While bank lending to SMEs has increased generally since the financial crisis of 2008, building has missed out.

Among the steps recommended to the Government by the HBF this year are the following.

  • A new Help to Build scheme extending sustainable lending to small builders.
  • Tackling planning problems that hit SMEs hard, including a lack of small sites and adverse pre-commencement conditions.
  • Giving SMEs access to tax incentives enjoyed in other sectors.
  • Providing technical and planning advice services for young businesses.
  • Tackling Brexit opportunities to reform EU regulations and cut the risks and complexities of new homebuilding.

HBF added that removing “the barriers for SME builders could result in tens of thousands of desperately needed additional homes being built and boost economies up and down the country.”

Figures

Recent statistics from HBF’s housing pipeline survey show that permission was granted to build 293,127 new homes in 2016, the highest total since 2006.

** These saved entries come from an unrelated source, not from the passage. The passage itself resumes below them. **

lemma continuous_on_taylor1_deriv: "continuous_on S (taylor1_deriv c n j)"
  unfolding taylor1_deriv_def by (intro continuous_intros)

lemma continuous_on_cheb2: "continuous_on S (cheb2 n)"
  unfolding cheb2_def by (rule continuous_on_taylor1_deriv)

lemma has_integral_abs_cheb2: "((\<lambda>y. \<bar>cheb2 n y\<bar>) has_integral 2) {-1..1}"
proof -
  let ?f = "\<lambda>y. \<bar>cheb2 n y\<bar>"
  have cont: "continuous_on {-1..1} ?f"
    using continuous_on_cheb2 by (intro continuous_intros)
  have "((\<lambda>x. (- sin x) *\<^sub>R ?f (cos x)) has_integral
      (integral {cos 0..cos pi} ?f - integral {cos pi..cos 0} ?f)) {0..pi}"
  proof (rule has_integral_substitution_general[where s="{}" and c="-1" and d=1])
    show "continuous_on {0..pi} cos" by (intro continuous_intros)
  qed (auto intro: cont DERIV_subset[OF DERIV_cos])
  from has_integral_neg[OF this]
  have I: "((\<lambda>x. sin x * ?f (cos x)) has_integral integral {-1..1} ?f) {0..pi}"
    by simp
  have eq: "sin x * ?f (cos x) = \<bar>sin (real (Suc n) * x)\<bar>" if "x \<in> {0..pi}" for x
  proof -
    have "sin x \<ge> 0" using that by (auto intro: sin_ge_zero)
    then have "sin x * ?f (cos x) = \<bar>cheb2 n (cos x) * sin x\<bar>" by (simp add: abs_mult)
    then show ?thesis using cheb2_cos[of n x] by simp
  qed
  have "((\<lambda>x. \<bar>sin (real (Suc n) * x)\<bar>) has_integral integral {-1..1} ?f) {0..pi}"
    by (rule has_integral_eq[OF eq I])
  then have "integral {-1..1} ?f = 2"
    using has_integral_abs_sin has_integral_unique by blast
  then show ?thesis
    using integrable_integral[OF integrable_continuous_real[OF cont]] by simp
qed

lemma finite_cheb2_zeros: "finite {y \<in> {-1..1}. cheb2 n y = 0}"
proof -
  have "{y \<in> {-1..1}. cheb2 n y = 0} \<subseteq> (\<lambda>i. cos (real i * pi / real (Suc n))) ` {0..Suc n}"
  proof safe
    fix y :: real assume y: "y \<in> {-1..1}" "cheb2 n y = 0"
    define \<theta> where "\<theta> = arccos y"
    have \<theta>: "0 \<le> \<theta>" "\<theta> \<le> pi" "cos \<theta> = y" using y arccos_bounded[of y] by (auto simp: \<theta>_def)
    then have "sin (real (Suc n) * \<theta>) = 0" using cheb2_cos[of n \<theta>] y by simp
    then obtain i :: int where i: "real (Suc n) * \<theta> = of_int i * pi" using sin_zero_iff_int2 by blast
    have "0 \<le> real_of_int i * pi" "real_of_int i * pi \<le> real (Suc n) * pi"
      using \<theta> i[symmetric] by (auto intro: mult_left_mono)
    then have "0 \<le> i" "i \<le> int (Suc n)"
      using pi_gt_zero by (simp_all add: zero_le_mult_iff)
    moreover have "\<theta> = real (nat i) * pi / real (Suc n)"
      using i \<open>0 \<le> i\<close> by (simp add: field_simps)
    then have "y = cos (real (nat i) * pi / real (Suc n))"
      using \<theta> by simp
    ultimately show "y \<in> (\<lambda>i. cos (real i * pi / real (Suc n))) ` {0..Suc n}"
      by (intro image_eqI[of _ _ "nat i"]) auto
  qed
  then show ?thesis using finite_subset by blast
qed

section \<open>The Peano kernel\<close>

definition unit_coord :: "real \<Rightarrow> real \<Rightarrow> real \<Rightarrow> real" where
  "unit_coord a b t = (2 * t - a - b) / (b - a)"

lemma unit_coord_has_derivative:
  "(unit_coord a b has_real_derivative 2 / (b - a)) (at t within S)"
proof -
  have "((\<lambda>t. 2 * t - a - b) has_real_derivative 2) (at t within S)"
    by (auto intro!: derivative_eq_intros)
  from DERIV_cdivide[OF this, of "b - a"] show ?thesis
    by (simp add: unit_coord_def[abs_def])
qed

lemma unit_coord_endpoints:
  assumes "a < b"
  shows "unit_coord a b a = -1" "unit_coord a b b = 1"
  using assms by (simp_all add: unit_coord_def field_simps)

lemma unit_coord_mem_iff:
  assumes "a < b"
  shows "unit_coord a b t \<in> {-1..1} \<longleftrightarrow> t \<in> {a..b}"
  using assms by (simp add: unit_coord_def divide_le_eq le_divide_eq)

lemma unit_coord_inverse:
  assumes "a < b"
  shows "t = (a + b) / 2 + (b - a) / 2 * unit_coord a b t"
  using assms by (simp add: unit_coord_def field_simps)

text \<open>\<open>peano_kernel n a b j\<close> is the j-th derivative of P_0(t) = ((b - a)/4)^n U_n(unit_coord a b t),
  which is (-1)^n n! times the Peano kernel of E_n.\<close>
definition peano_kernel :: "nat \<Rightarrow> real \<Rightarrow> real \<Rightarrow> nat \<Rightarrow> real \<Rightarrow> real" where
  "peano_kernel n a b j t =
     ((b - a) ^ n / 4 ^ n) * (2 / (b - a)) ^ j * taylor1_deriv (cheb2_coeff n) n j (unit_coord a b t)"

lemma peano_kernel_has_derivative:
  "(peano_kernel n a b j has_real_derivative peano_kernel n a b (Suc j) t) (at t within S)"
proof -
  have "((\<lambda>t. taylor1_deriv (cheb2_coeff n) n j (unit_coord a b t)) has_real_derivative
      taylor1_deriv (cheb2_coeff n) n (Suc j) (unit_coord a b t) * (2 / (b - a))) (at t within S)"
    by (rule DERIV_chain2[OF taylor1_deriv_has_derivative unit_coord_has_derivative])
  from DERIV_cmult[OF this, of "(b - a) ^ n / 4 ^ n * (2 / (b - a)) ^ j"] show ?thesis
    unfolding peano_kernel_def by (simp add: algebra_simps)
qed

lemma continuous_on_peano_kernel: "continuous_on S (peano_kernel n a b j)"
  using peano_kernel_has_derivative
  by (meson DERIV_continuous continuous_at_imp_continuous_on)

lemma peano_kernel_top:
  assumes "a < b"
  shows "peano_kernel n a b n t = fact n"
proof -
  have "cheb2_coeff n n = 2 ^ n"
    unfolding cheb2_coeff_def by (simp add: mult_2 del: binomial_Suc_Suc)
  moreover have "(4::real) ^ n = 2 ^ n * 2 ^ n"
    by (simp flip: power_mult_distrib)
  ultimately show ?thesis
    using assms by (simp add: peano_kernel_def taylor1_deriv_top power_divide field_simps)
qed

lemma peano_kernel_left_endpoint:
  assumes "a < b"
  shows "peano_kernel n a b j a = (-1) ^ (n + j) * peano_kernel n a b j b"
  using taylor1_deriv_cheb2_minus[of n j 1]
  by (simp add: peano_kernel_def unit_coord_endpoints[OF assms] algebra_simps)

definition endpoint_weight :: "nat \<Rightarrow> real \<Rightarrow> real \<Rightarrow> nat \<Rightarrow> real" where
  "endpoint_weight n a b k = (b - a) ^ (k + 1) * fact (2 * n - k) * fact (n - k - 1)
     / (2 ^ (2 * k + 2) * fact (2 * n - 2 * k - 1) * fact (k + 1))"

lemma peano_kernel_right_endpoint:
  assumes "a < b" and "k < n"
  shows "peano_kernel n a b (n - 1 - k) b = endpoint_weight n a b k"
proof -
  obtain j where n: "n = j + k + 1" using assms(2) by (metis add.commute add_Suc less_imp_Suc_add plus_1_eq_Suc)
  have j: "n - 1 - k = j" "2 * n - k = 2 * j + k + 2" "n - k - 1 = j" "2 * n - 2 * k - 1 = 2 * j + 1"
    using n by auto
  have choose: "real ((n + j + 1) choose (2 * j + 1)) = fact (2 * j + k + 2) / (fact (2 * j + 1) * fact (k + 1))"
  proof -
    have "n + j + 1 = 2 * j + k + 2" "2 * j + k + 2 - (2 * j + 1) = k + 1" using n by auto
    moreover have "real ((2 * j + k + 2) choose (2 * j + 1))
        = fact (2 * j + k + 2) / (fact (2 * j + 1) * fact (2 * j + k + 2 - (2 * j + 1)))"
      by (rule binomial_fact) simp
    ultimately show ?thesis by (simp only:)
  qed
  define h where "h = b - a"
  have "h > 0" using assms(1) by (simp add: h_def)
  have "peano_kernel n a b (n - 1 - k) b = h ^ n / 4 ^ n * (2 / h) ^ j * (cheb2_coeff n j * fact j)"
    unfolding peano_kernel_def j(1) unit_coord_endpoints[OF assms(1)] h_def
    using n by (simp add: taylor1_deriv_at_1)
  also have "\<dots> = h ^ n / 4 ^ n * (2 ^ j / h ^ j) * (real ((n + j + 1) choose (2 * j + 1)) * 2 ^ j * fact j)"
    unfolding cheb2_coeff_def by (simp add: power_divide)
  also have "\<dots> = h ^ (k + 1) * fact (2 * j + k + 2) * fact j / (2 ^ (2 * k + 2) * fact (2 * j + 1) * fact (k + 1))"
  proof -
    have powers: "h ^ n = h ^ j * h ^ (k + 1)" "(4::real) ^ n = 2 ^ j * 2 ^ j * 2 ^ (2 * k + 2)"
      by (simp_all add: n power_add power_mult flip: power_mult_distrib)
    have cancel: "A * H / (B * B * C) * (B / A) * (X / (Y * Z) * B * W) = H * X * W / (C * Y * Z)"
      if "A \<noteq> 0" "B \<noteq> 0" for A B C H X Y Z W :: real
      using that by (simp add: field_simps)
    show ?thesis
      unfolding choose powers by (rule cancel) (use \<open>h > 0\<close> in auto)
  qed
  finally show ?thesis unfolding endpoint_weight_def j(2,3,4) h_def .
qed

lemma peano_kernel_0: "peano_kernel n a b 0 t = (b - a) ^ n / 4 ^ n * cheb2 n (unit_coord a b t)"
  by (simp add: peano_kernel_def cheb2_def)

lemma has_integral_abs_peano_kernel:
  assumes "a < b"
  shows "((\<lambda>t. \<bar>peano_kernel n a b 0 t\<bar>) has_integral ((b - a) ^ (n + 1) / 4 ^ n)) {a..b}"
proof -
  let ?u = "unit_coord a b"
  have "((\<lambda>t. (2 / (b - a)) *\<^sub>R \<bar>cheb2 n (?u t)\<bar>) has_integral
      (integral {?u a..?u b} (\<lambda>y. \<bar>cheb2 n y\<bar>) - integral {?u b..?u a} (\<lambda>y. \<bar>cheb2 n y\<bar>))) {a..b}"
  proof (rule has_integral_substitution_general[where s="{}" and c="-1" and d=1])
    show "continuous_on {-1..1} (\<lambda>y. \<bar>cheb2 n y\<bar>)"
      using continuous_on_cheb2 by (intro continuous_intros)
    show "?u ` {a..b} \<subseteq> {-1..1}" using unit_coord_mem_iff[OF assms] by blast
    show "continuous_on {a..b} ?u"
      using unit_coord_has_derivative by (meson DERIV_continuous continuous_at_imp_continuous_on)
  qed (use assms unit_coord_has_derivative in auto)
  then have "((\<lambda>t. (2 / (b - a)) * \<bar>cheb2 n (?u t)\<bar>) has_integral 2) {a..b}"
    using integral_unique[OF has_integral_abs_cheb2[of n]] by (simp add: unit_coord_endpoints[OF assms])
  from has_integral_mult_right[OF this, of "(b - a) ^ n / 4 ^ n * ((b - a) / 2)"]
  have "((\<lambda>t. (b - a) ^ n / 4 ^ n * ((b - a) / 2) * (2 / (b - a) * \<bar>cheb2 n (?u t)\<bar>)) has_integral
      (b - a) ^ n / 4 ^ n * ((b - a) / 2) * 2) {a..b}" .
  moreover have "(b - a) ^ n / 4 ^ n * ((b - a) / 2) * 2 = (b - a) ^ (n + 1) / 4 ^ n"
    by simp
  moreover have "(b - a) ^ n / 4 ^ n * ((b - a) / 2) * (2 / (b - a) * \<bar>cheb2 n (?u t)\<bar>)
      = \<bar>peano_kernel n a b 0 t\<bar>" for t
    using assms by (simp add: peano_kernel_0 abs_mult)
  ultimately show ?thesis by (simp add: mult.commute)
qed

lemma finite_peano_kernel_zeros:
  assumes "a < b"
  shows "finite {t \<in> {a..b}. peano_kernel n a b 0 t = 0}"
proof -
  have "{t \<in> {a..b}. peano_kernel n a b 0 t = 0}
      \<subseteq> (\<lambda>y. (a + b) / 2 + (b - a) / 2 * y) ` {y \<in> {-1..1}. cheb2 n y = 0}"
    using assms unit_coord_mem_iff[OF assms] unit_coord_inverse[OF assms]
    by (auto simp: peano_kernel_0 intro!: image_eqI)
  then show ?thesis using finite_subset finite_cheb2_zeros by blast
qed

section \<open>The error bound and its sharpness\<close>

lemma E_n_eq:
  "E_n n a b f D = integral {a..b} f
     - (\<Sum>k<n. endpoint_weight n a b k * (D k a + (-1) ^ k * D k b)) / fact n"
  by (simp add: E_n_def endpoint_weight_def)

lemma alternating_product_telescope:
  fixes Q R :: "nat \<Rightarrow> real"
  shows "(\<Sum>j<n. (-1) ^ j * (Q (Suc j) * R (n - 1 - j) + Q j * R (n - j)))
    = Q 0 * R n - (-1) ^ n * Q n * R 0"
proof (induction n arbitrary: Q)
  case (Suc n)
  have "(\<Sum>j<Suc n. (-1) ^ j * (Q (Suc j) * R (Suc n - 1 - j) + Q j * R (Suc n - j)))
      = Q 1 * R n + Q 0 * R (Suc n)
        - (\<Sum>j<n. (-1) ^ j * (Q (Suc (Suc j)) * R (n - 1 - j) + Q (Suc j) * R (n - j)))"
    by (subst sum.lessThan_Suc_shift) (simp add: sum_negf[symmetric])
  then show ?case using Suc.IH[of "\<lambda>i. Q (Suc i)"] by simp
qed simp

lemma peano_kernel_boundary_sum:
  assumes "a < b"
  shows "(\<Sum>j<n. (-1) ^ j * (peano_kernel n a b j b * X (n - 1 - j) b - peano_kernel n a b j a * X (n - 1 - j) a))
    = (-1) ^ (n - 1) * (\<Sum>k<n. endpoint_weight n a b k * (X k a + (-1) ^ k * X k b))"
proof -
  have "(\<Sum>j<n. (-1) ^ j * (peano_kernel n a b j b * X (n - 1 - j) b - peano_kernel n a b j a * X (n - 1 - j) a))
      = (\<Sum>k<n. (-1) ^ (n - 1 - k) * (peano_kernel n a b (n - 1 - k) b * X k b
           - peano_kernel n a b (n - 1 - k) a * X k a))"
    by (subst sum.nat_diff_reindex[symmetric]) (auto intro!: sum.cong simp: Suc_diff_Suc)
  also have "\<dots> = (\<Sum>k<n. (-1) ^ (n - 1) * (endpoint_weight n a b k * (X k a + (-1) ^ k * X k b)))"
  proof (rule sum.cong)
    fix k assume "k \<in> {..<n}"
    then obtain j where n: "n = j + k + 1" by (metis add.commute lessThan_iff less_imp_Suc_add plus_1_eq_Suc)
    then have "n - 1 - k = j" "n + j = 2 * j + k + 1" "n - 1 = j + k" "k < n" by auto
    moreover have "(-1::real) ^ (2 * j + k + 1) = - ((-1) ^ k)" "(-1::real) ^ (j + k) = (-1) ^ j * (-1) ^ k"
      by (simp_all add: power_add power_mult)
    ultimately show "(-1) ^ (n - 1 - k) * (peano_kernel n a b (n - 1 - k) b * X k b
           - peano_kernel n a b (n - 1 - k) a * X k a)
      = (-1) ^ (n - 1) * (endpoint_weight n a b k * (X k a + (-1) ^ k * X k b))"
      using peano_kernel_left_endpoint[OF assms, of n "n - 1 - k"] peano_kernel_right_endpoint[OF assms, of k n]
      by (cases "even k") (simp_all add: algebra_simps)
  qed simp
  finally show ?thesis by (simp add: sum_distrib_left)
qed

This statistic is usually reflected in the number of new houses completed and on the market three to four years later. It indicates that housebuilding is likely to continue increasing in the near future, says the HBF, which also comments that this delay shows the time needed to complete the lengthy planning process, from initial outline planning permission to the start of active work on site.

It regards as good news the fact that local authority figures show that the number of permissions is rising, but questionable news that the number of sites fell from 19,600 in 2015 to 17,500 in 2016. This indicates that permissions are being granted for large sites, it adds.

Because large sites need more information, permissions take longer before work starts; there is also a warning for local authorities not to reply on one large site to meet their housing needs.

Alternative view

The housing and homeless charity Shelter says the delay in providing adequate numbers of affordable homes cannot be left to what it describes as a speculative housebuilding system.

It adds that 8 out of 10 working, private renting families cannot afford a newly-built home in their area, even if they can save up a large enough deposit.

Shelter says that developers compete against each other to outbid landowners based on assumptions of how many homes they can build, what they can sell them for and what contribution they are expected to make to local community infrastructure.

It says competitive pressures work against the public interest.

Tinkering with the system to improve planning and incentivise developers while also helping potential homeowners has failed, it adds.

Shelter’s suggested answer is what it describes as a smaller version of the way in which communities such as Edinburgh’s New Town, Letchworth Garden City and Milton Keynes were developed. This it calls New Civic Homebuilding.

The concept is based on the principle that the aim of building homes is to benefit the people who live in them and their community.

Instead of the public benefitting from whatever value is left after profits have been taken in the present speculative model, Shelter wants Government to back its alternative whereby profits are determined by how much value is left after the public interest has been served.

It is expecting opposition to its analysis and policies but says a new balance must be struck between appropriate returns for housebuilders and landowners and the need to boost actual new home numbers. What was possible on prestige developments in the past should be applicable today.